Jackie Chan is well known for comedy martial arts movies and ridiculous, over the top action sequences. In The Foreigner, he tries to put all that behind him and get serious. It doesn’t turn out well.
Quan Ngoc Minh (Chan) is a dangerously hypercompetent ex-military guy who is lovingly devoted to his daughter Fan (Katie Leung). Unfortunately for Quan, Fan is not taken or kidnapped at the start of the film, she’s blown up. Convinced that high-ranking Irish minister Liam Hennessy (Pierce Brosnan) knows who the bombers are, Quan relentlessly hounds Hennessy with steadily escalating violence and destruction to get him to give up the names.
The Foreigner is based on the novel The Chinaman, which was published in 1992, way back when bombings carried out by the Irish Republican Army were all over the news. Which leads to the first problem. To a modern American audience, IRA is a retirement account, not a terrorist organization. Not having lived through it, and having pretty short memories anyway, most Americans can’t really identify with the fear of renewed British/Irish hostility that drives most of the plot, so much of the film’s tension is lost.

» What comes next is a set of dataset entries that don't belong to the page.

text \<open>As \<open>U\<close> is closed under \<open>m/n\<close>, \<open>f(x)\<close> differs from some \<open>w \<in> U\<close> by a torsion
  element of \<open>f(U) + U\<close>, which \<open>e\<close> kills.\<close>
lemma invariant_nmul_image:
  assumes endo: "is_endo f" and U: "subgrp U" and "n \<noteq> 0"
    and mult: "\<And>x. imul n (f x) - imul m x \<in> torsion"
    and div: "\<And>x. x \<in> U \<Longrightarrow> \<exists>w\<in>U. imul n w = imul m x"
    and kill: "\<And>x. x \<in> torsion \<Longrightarrow> \<exists>a\<in>U. \<exists>b\<in>U. x = f a + b \<Longrightarrow> nmul e x = 0"
  shows "f ` nmul e ` U \<subseteq> nmul e ` U"
proof
  fix y assume "y \<in> f ` nmul e ` U"
  then obtain x where x: "x \<in> U" "y = f (nmul e x)"
    by blast
  obtain w where w: "w \<in> U" "imul n w = imul m x"
    using div[OF x(1)] by blast
  have "imul n (f x - w) = imul n (f x) - imul m x"
    using w(2) by (simp add: imul_diff)
  then have "f x - w \<in> torsion"
    using mult torsion_imul_cancel \<open>n \<noteq> 0\<close> by metis
  moreover have "- w \<in> U"
    using U w(1) unfolding subgrp_def by blast
  ultimately have "nmul e (f x - w) = 0"
    using kill x(1) by fastforce
  then have "y = nmul e w"
    using x(2) endo by (simp add: endo_nmul nmul_diff)
  then show "y \<in> nmul e ` U"
    using w(1) by blast
qed

lemma ex_invariant_nmul_image:
  fixes phi :: "nat \<Rightarrow> 'a::ab_group_add \<Rightarrow> 'a"
  assumes U: "subgrp U" "U \<inter> torsion = {0}"
    and endo: "\<And>i. i < t \<Longrightarrow> is_endo (phi i)"
    and inert: "\<And>i. i < t \<Longrightarrow> inertial (phi i)"
    and nz: "\<And>i. i < t \<Longrightarrow> n i \<noteq> 0"
    and mult: "\<And>i x. i < t \<Longrightarrow> imul (n i) (phi i x) - imul (m i) x \<in> torsion"
    and div: "\<And>i x. i < t \<Longrightarrow> x \<in> U \<Longrightarrow> \<exists>w\<in>U. imul (n i) w = imul (m i) x"
  shows "\<exists>e>0. \<forall>i<t. phi i ` nmul e ` U \<subseteq> nmul e ` U"
proof -
  define D where "D = (\<Union>i<t. {x \<in> torsion. \<exists>a\<in>U. \<exists>b\<in>U. x = phi i a + b})"
  have "finite D" "D \<subseteq> torsion"
    unfolding D_def using inertial_finite_torsion_translates[OF inert U] by auto
  then obtain e where "e > 0" and e: "\<And>x. x \<in> D \<Longrightarrow> nmul e x = 0"
    by (rule finite_torsion_annihilator) blast
  have "phi i ` nmul e ` U \<subseteq> nmul e ` U" if "i < t" for i
    by (rule invariant_nmul_image[OF endo U(1) nz mult div]) (use e that in \<open>auto simp: D_def\<close>)
  then show ?thesis
    using \<open>e > 0\<close> by blast
qed

lemma subgrp_nmul_image:
  assumes "subgrp U"
  shows "subgrp (nmul e ` U)"
  unfolding subgrp_def
proof (intro conjI ballI)
  show "0 \<in> nmul e ` U"
    using assms nmul_zero[of e] unfolding subgrp_def by (metis image_eqI)
next
  fix x y assume "x \<in> nmul e ` U" "y \<in> nmul e ` U"
  then show "x + y \<in> nmul e ` U"
    using assms unfolding subgrp_def by (auto simp: nmul_add [symmetric] intro!: imageI)
next
  fix x assume "x \<in> nmul e ` U"
  then show "- x \<in> nmul e ` U"
    using assms unfolding subgrp_def by (auto simp: nmul_minus [symmetric] intro!: imageI)
qed

lemma grp_iso_to_nmul_image:
  assumes U: "subgrp U" "grp_iso_to B U" "U \<inter> torsion = {0}"
    and "e > 0"
  shows "grp_iso_to B (nmul e ` U)"
proof -
  obtain f where f: "bij_betw f B U" "\<And>x y. x \<in> B \<Longrightarrow> y \<in> B \<Longrightarrow> f (\<lambda>i. x i + y i) = f x + f y"
    using U(2) unfolding grp_iso_to_def by blast
  have "inj_on (nmul e) U"
  proof
    fix x y assume xy: "x \<in> U" "y \<in> U" "nmul e x = nmul e y"
    then have "x - y \<in> U"
      using U(1) unfolding subgrp_def by (metis diff_conv_add_uminus)
    moreover have "x - y \<in> torsion"
      using xy(3) \<open>e > 0\<close> unfolding torsion_def by (auto simp: nmul_diff)
    ultimately have "x - y \<in> U \<inter> torsion"
      by blast
    then show "x = y"
      using U(3) by simp
  qed
  then have "bij_betw (nmul e \<circ> f) B (nmul e ` U)"
    using f(1) bij_betw_comp_iff inj_on_imp_bij_betw by blast
  then show ?thesis
    unfolding grp_iso_to_def using f(2) by (intro exI[of _ "nmul e \<circ> f"]) (simp add: nmul_add)
qed

lemma periodic_nmul_image:
  assumes "\<And>a. \<exists>k>0. nmul k a \<in> U" "e > 0"
  shows "\<exists>k>0. nmul k a \<in> nmul e ` U"
proof -
  obtain k where "k > 0" "nmul k a \<in> U"
    using assms(1) by blast
  then have "nmul (e * k) a \<in> nmul e ` U"
    by (simp add: nmul_mult)
  then show ?thesis
    using \<open>k > 0\<close> \<open>e > 0\<close> by (metis nat_0_less_mult_iff)
qed
lemma last_epoch_mono: "i \<in> {1..c} \<Longrightarrow> s \<le> t \<Longrightarrow> last_epoch i s \<le> last_epoch i t"
  unfolding last_epoch_def using floor_index_mono[OF unbounded_b] .

lemma last_epoch_at[simp]: "i \<in> {1..c} \<Longrightarrow> last_epoch i (b i j) = j"
  unfolding last_epoch_def using floor_index_at[OF unbounded_b] .

lemma last_epoch_unique: "i \<in> {1..c} \<Longrightarrow> b i j \<le> t \<Longrightarrow> t < b i (j+1) \<Longrightarrow> last_epoch i t = j"
  unfolding last_epoch_def using floor_index_unique[OF unbounded_b] .

lemma next_epoch_gt: "i \<in> {1..c} \<Longrightarrow> t < next_epoch i t"
  unfolding next_epoch_def using last_epoch_less_iff[of i t "last_epoch i t + 1"] by simp

lemma b_last_epoch_le: "i \<in> {1..c} \<Longrightarrow> b i (last_epoch i t) \<le> t"
  using le_last_epoch_iff by auto

lemma next_epoch_least: "i \<in> {1..c} \<Longrightarrow> t < b i j \<Longrightarrow> next_epoch i t \<le> b i j"
  unfolding next_epoch_def using last_epoch_less_iff[of i t j] by simp

lemma epochs_mono: "s \<le> t \<Longrightarrow> epochs s \<le> epochs t"
  unfolding epochs_def by (rule sum_mono) (use last_epoch_mono in auto)

lemma epochs_strict: assumes "s < p" "is_epoch p" shows "epochs s < epochs p"
proof -
  from assms(2) obtain i j where i: "i \<in> {1..c}" and p: "b i j = p" by (auto simp: is_epoch_def)
  have "last_epoch i s < last_epoch i p" using last_epoch_less_iff[OF i] assms(1) p i by auto
  then show ?thesis unfolding epochs_def
    by (intro sum_strict_mono_ex1) (use i last_epoch_mono assms(1) in auto)
qed

lemma is_epoch_le: "is_epoch p \<Longrightarrow> epochs p \<le> epochs t \<Longrightarrow> p \<le> t"
  using epochs_strict by (meson not_le)

definition next_any_epoch :: "real \<Rightarrow> real" where "next_any_epoch t = Min ((\<lambda>i. next_epoch i t) ` {1..c})"

lemma next_any_epoch_props:
  shows "t < next_any_epoch t" "is_epoch (next_any_epoch t)" "epochs (next_any_epoch t) = epochs t + 1" "\<And>s. t \<le> s \<Longrightarrow> s < next_any_epoch t \<Longrightarrow> epochs s = epochs t"
proof -
  have ne: "{1..c} \<noteq> {}" using c_pos by auto
  have fin: "finite ((\<lambda>i. next_epoch i t) ` {1..c})" by simp
  have "next_any_epoch t \<in> (\<lambda>i. next_epoch i t) ` {1..c}" unfolding next_any_epoch_def using ne fin by (intro Min_in) auto
  then obtain i0 where i0: "i0 \<in> {1..c}" "next_any_epoch t = next_epoch i0 t" by auto
  have le: "next_any_epoch t \<le> next_epoch i t" if "i \<in> {1..c}" for i unfolding next_any_epoch_def using that fin by auto
  show tl: "t < next_any_epoch t" using i0 next_epoch_gt by auto
  show "is_epoch (next_any_epoch t)" using i0 by (auto simp: is_epoch_def next_epoch_def)
  have other: "next_any_epoch t < next_epoch i t" if "i \<in> {1..c}" "i \<noteq> i0" for i
  proof -
    have "next_epoch i t \<noteq> next_epoch i0 t" unfolding next_epoch_def using b_neq_b that i0 by metis
    then show ?thesis using le[OF that(1)] i0 by auto
  qed
  have ixo: "last_epoch i (next_any_epoch t) = last_epoch i t" if "i \<in> {1..c}" "i \<noteq> i0" for i
    by (rule last_epoch_unique) (use that other b_last_epoch_le[of i t] tl in \<open>auto simp: next_epoch_def\<close>)
  have ix0: "last_epoch i0 (next_any_epoch t) = last_epoch i0 t + 1" using i0 by (simp add: next_epoch_def)
  have "epochs (next_any_epoch t) = last_epoch i0 (next_any_epoch t) + (\<Sum>i\<in>{1..c} - {i0}. last_epoch i (next_any_epoch t))"
    unfolding epochs_def using i0 by (simp add: sum.remove)
  also have "\<dots> = last_epoch i0 t + 1 + (\<Sum>i\<in>{1..c} - {i0}. last_epoch i t)"
    using ix0 ixo by simp
  also have "\<dots> = epochs t + 1" unfolding epochs_def using i0 by (simp add: sum.remove)
  finally show "epochs (next_any_epoch t) = epochs t + 1" .
  fix s assume s: "t \<le> s" "s < next_any_epoch t"
  have "last_epoch i s = last_epoch i t" if "i \<in> {1..c}" for i
    by (rule last_epoch_unique) (use that le[OF that] s b_last_epoch_le[of i t] in \<open>auto simp: next_epoch_def\<close>)
  then show "epochs s = epochs t" unfolding epochs_def by simp
qed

Jackie Chan’s performance can best be described as monotonous and monotonal. He apparently decided that being serious meant remaining silent and expressionless throughout most of the film and delivering what few lines he had without a trace of emotion. Maybe he was trying to portray a man broken beyond the point of having anything left to lose, but he seemed more like a robot methodically performing a series of programmed tasks.
This is made worse by a parallel storyline that renders Quan largely irrelevant. Hennessy spends most of the movie walking a tightrope between the British government and his Irish compatriots. He desperately and genuinely tries to find a solution to a very nasty problem. He’s highly motivated to get to the bottom of things with or without Quan blowing up his stuff, and ultimately Quan’s antics serve as little more than an aggravating distraction on top of everything else Hennessy has to deal with. Ninety-five percent of what happens would have happened anyway if Quan had just stayed home and moped. Hennessy’s political maneuvering and the efforts of British law enforcement would have led to almost exactly the same outcomes if Quan had done nothing. Quan’s presence actually detracts from what might otherwise have been a reasonably entertaining political thriller.
The action sequences do stand out as particularly well done, although there are not nearly as many of them as the trailer leads you to believe. The fight choreography is excellent. Quan is a once formidable fighter long past his prime, and the fight sequences do an excellent job of conveying that. There are a few moments that fleetingly harken back to Jackie Chan’s crazy fights of old, but it’s not too over the top. It does get a bit silly for a while when Hennessy tries to take refuge at his country house and Quan engages in the kind of farcical jungle fighting that Sylvester Stallone and Arnold Schwarzenegger were doing in the 80s, but it’s not too awful and can largely be forgiven.
All things considered, The Foreigner gives us a movie primarily about Northern Irish politics, a wooden protagonist irrelevant to the plot, and some good fight scenes.